[Opening Data for review section]

section \<open>Mean-square stability and stability of the expanded system\<close>

lemma param_seqs_image: "param_seqs ti (f ` S) = (\<lambda>th s. f (th s)) ` param_seqs ti S"
proof
  show "(\<lambda>th s. f (th s)) ` param_seqs ti S \<subseteq> param_seqs ti (f ` S)"
    by (auto simp: param_seqs_def)
  show "param_seqs ti (f ` S) \<subseteq> (\<lambda>th s. f (th s)) ` param_seqs ti S"
  proof
    fix ths assume ths: "ths \<in> param_seqs ti (f ` S)"
    show "ths \<in> (\<lambda>th s. f (th s)) ` param_seqs ti S"
    proof (cases ti)
      case True
      with ths obtain c where "c \<in> S" "\<forall>t. ths t = f c" by (auto simp: param_seqs_def)
      with True show ?thesis by (auto simp: param_seqs_def image_iff intro!: exI[of _ "\<lambda>_. c"])
    next
      case False
      with ths have "\<forall>t. \<exists>c\<in>S. ths t = f c" by (auto simp: param_seqs_def)
      then obtain th where "\<forall>t. th t \<in> S \<and> ths t = f (th t)" by metis
      with False show ?thesis by (auto simp: param_seqs_def image_iff intro!: exI[of _ th])
    qed
  qed
qed

context smp_closed_loop
begin

lemma l1_mat_moment_traj_outer_le:
  assumes th: "range th \<subseteq> S"
  shows "l1_mat n (moment_traj th (outer u) t) \<le> real n * (\<Sum>i<n. moment_traj th (outer u) t i i)"
proof -
  let ?Z = "moment_traj th (outer u) t"
  note moment = traj_second_moment[OF th, where t=t and u=u]
  have "\<bar>?Z i j\<bar> \<le> (?Z i i + ?Z j j) / 2" if "i < n" "j < n" for i j
  proof -
    let ?x = "\<lambda>vs. traj n m K u vs t"
    have "\<bar>\<integral>vs. ?x vs i * ?x vs j \<partial>param_meas th {..<t}\<bar>
        \<le> ((\<integral>vs. ?x vs i * ?x vs i \<partial>param_meas th {..<t}) + (\<integral>vs. ?x vs j * ?x vs j \<partial>param_meas th {..<t})) / 2"
      using moment that by (intro abs_integral_mult_le) auto
    then show ?thesis using moment that by simp
  qed
  then have "l1_mat n ?Z \<le> (\<Sum>i<n. \<Sum>j<n. (?Z i i + ?Z j j) / 2)"
    unfolding l1_mat_def by (intro sum_mono) auto
  also have "\<dots> = real n * (\<Sum>i<n. ?Z i i)"
    by (simp add: add_divide_distrib sum.distrib sum_divide_distrib[symmetric] sum_distrib_left)
  finally show ?thesis .
qed
(* Let $\Psi$ be a saturated root subsystem of $\Phi$, let $\Gamma$ be a gallery in $\Phi$, and let $\Delta$ be a gallery in $\Phi$ lifting $\Gamma_\Psi$. Let $p:[1,|\Gamma_\Psi|]\to[1,|\Gamma|]$ be the increasing embedding with image $I_\Psi(\Gamma)$. Then $(\Delta,\Gamma)$ is a $p$-pair whose sign and cosign are both positive.
   Context: $E$ is a finite-dimensional real Euclidean space with inner product $(\cdot,\cdot)$; $\Phi\subset E$ is a finite (reduced) root system (not necessarily spanning, not necessarily crystallographic) with reflections $\omega_\alpha$ through $L_\alpha=\alpha^\perp$. A root subsystem is a nonempty $\Psi\subset\Phi$ stable under $\omega_\alpha$, $\alpha\in\Psi$; it is saturated if $\Psi=\mathbb R\Psi\cap\Phi$. For $X\subset\Phi$, $\mathrm{Ch}_X$ is the set of connected components of $E\setminus\bigcup_{\alpha\in X}L_\alpha$; for $C\in\mathrm{Ch}_\Phi$, $C_\Psi$ is the chamber of $\mathrm{Ch}_\Psi$ containing $C$. Chambers $C,D\in\mathrm{Ch}_X$ are connected through $L_\alpha$ if $\overline C\cap\overline D\cap L_\alpha$ has nonempty interior in $L_\alpha$. A gallery in $X$ is a sequence $(C_0,L_{\alpha_1},C_1,\dots,L_{\alpha_n},C_n)$ with $C_j\in\mathrm{Ch}_X$, $\alpha_j\in X$, $C_{j-1},C_j$ connected through $L_{\alpha_j}$; its length is $n$, $C_j$ is its $j$th chamber and $(L_{\alpha_1},\dots,L_{\alpha_n})$ its sequence of walls. For a gallery $\Gamma=(C_0,L_{\alpha_1},\dots,L_{\alpha_n},C_n)$ in $\Phi$, $I_\Psi(\Gamma)=\{i:\alpha_i\in\Psi\}=\{i_1<\dots<i_m\}$ and $\Gamma_\Psi=((C_0)_\Psi,L_{\alpha_{i_1}},(C_{i_1})_\Psi,\dots,L_{\alpha_{i_m}},(C_{i_m})_\Psi)$. For $C\in\mathrm{Ch}_\Phi$, $\Phi^s(C)$ is the unique simple system of $\Phi$ contained in $\Phi^+(C)=\{\alpha\in\Phi:(e,\alpha)>0\ \forall e\in C\}$; similarly $\Psi^s(D)$ for $D\in\mathrm{Ch}_\Psi$. $C\in\mathrm{Ch}_\Phi$ lifts $D\in\mathrm{Ch}_\Psi$ if $\Psi^s(D)\subset\Phi^s(C)$; a gallery in $\Phi$ lifts a gallery in $\Psi$ if they have the same sequence of walls and each $j$th chamber of the first lifts the $j$th chamber of the second. Given galleries $\Gamma=(C_0,L_{\alpha_1},\dots,L_{\alpha_n},C_n)$ and $\Delta=(D_0,L_{\beta_1},\dots,L_{\beta_m},D_m)$ in $\Phi$ and an increasing embedding $p:[1,m]\to[1,n]$, $(\Delta,\Gamma)$ is a $p$-pair if $L_{\alpha_{p(i)}}=L_{\beta_i}$ for all $i$. Its sign $(\epsilon_i)$ has $\epsilon_i=1$ if $L_{\beta_i}$ does not separate $D_i$ and $C_{p(i)}$ (i.e. they lie in the same open half-space of $L_{\beta_i}$) and $\epsilon_i=-1$ otherwise; its cosign $(\mu_i)$ has $\mu_i=1$ if $L_{\beta_i}$ does not separate $D_{i-1}$ and $C_{p(i)-1}$ and $\mu_i=-1$ otherwise. A sign or cosign is positive if all entries equal $1$. *)

theory Defs
  imports "HOL-Analysis.Analysis"
begin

[Closing Data for review section]

Exercise: All that is wanted is an exact copy of the lines above from the one with "unfolding l1_mat_def by" through the one with "(* Let $\Psi$", with both ends included.

Written reply:
    unfolding l1_mat_def by (intro sum_mono) auto
  also have "\<dots> = real n * (\<Sum>i<n. ?Z i i)"
    by (simp add: add_divide_distrib sum.distrib sum_divide_distrib[symmetric] sum_distrib_left)
  finally show ?thesis .
qed
(* Let $\Psi$ be a saturated root subsystem of $\Phi$, let $\Gamma$ be a gallery in $\Phi$, and let $\Delta$ be a gallery in $\Phi$ lifting $\Gamma_\Psi$. Let $p:[1,|\Gamma_\Psi|]\to[1,|\Gamma|]$ be the increasing embedding with image $I_\Psi(\Gamma)$. Then $(\Delta,\Gamma)$ is a $p$-pair whose sign and cosign are both positive.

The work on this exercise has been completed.